**TASK STATEMENT:** Return the number of lines below with "have" in them, and nothing else.

[Saved data entries]
──────

lemma topological_scc_ordering_suffix:
  assumes S: "topological_scc_ordering V R S" and "i < length S"
  defines "W \<equiv> \<Union>j\<in>{i..<length S}. S ! j"
  shows "W \<subseteq> V" and "S ! i \<noteq> {}" and "S ! i \<subseteq> W"
    and "\<And>x y. x \<in> S ! i \<Longrightarrow> y \<in> S ! i \<Longrightarrow> (x, y) \<in> (Restr R W)\<^sup>*"
    and "\<And>x y. (x, y) \<in> Restr R W \<Longrightarrow> y \<in> S ! i \<Longrightarrow> x \<in> S ! i"
proof -
  have scc: "S ! j \<in> sccs V R" if "j < length S" for j
    using S that unfolding topological_scc_ordering_def by (metis nth_mem)
  show "W \<subseteq> V"
    unfolding W_def using scc sccs_subset by fastforce
  show "S ! i \<noteq> {}"
    using scc assms(2) sccs_nonempty by blast
  show "S ! i \<subseteq> W"
    unfolding W_def using assms(2) by auto
  then have "Restr R (S ! i) \<subseteq> Restr R W"
    by blast
  then show "(x, y) \<in> (Restr R W)\<^sup>*" if "x \<in> S ! i" "y \<in> S ! i" for x y
    using sccs_rtrancl_Restr[OF scc[OF assms(2)] that] by (meson rtrancl_mono subsetD)
  show "x \<in> S ! i" if edge: "(x, y) \<in> Restr R W" and "y \<in> S ! i" for x y
  proof -
    obtain j where "i \<le> j" "j < length S" "x \<in> S ! j"
      using edge unfolding W_def by auto
    moreover have "\<not> j < i"
      using \<open>i \<le> j\<close> by simp
    ultimately have "j = i"
      using S edge \<open>y \<in> S ! i\<close> assms(2) unfolding topological_scc_ordering_def by blast
    then show ?thesis
      using \<open>x \<in> S ! j\<close> by simp
  qed
qed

──────

**REPLY:** 4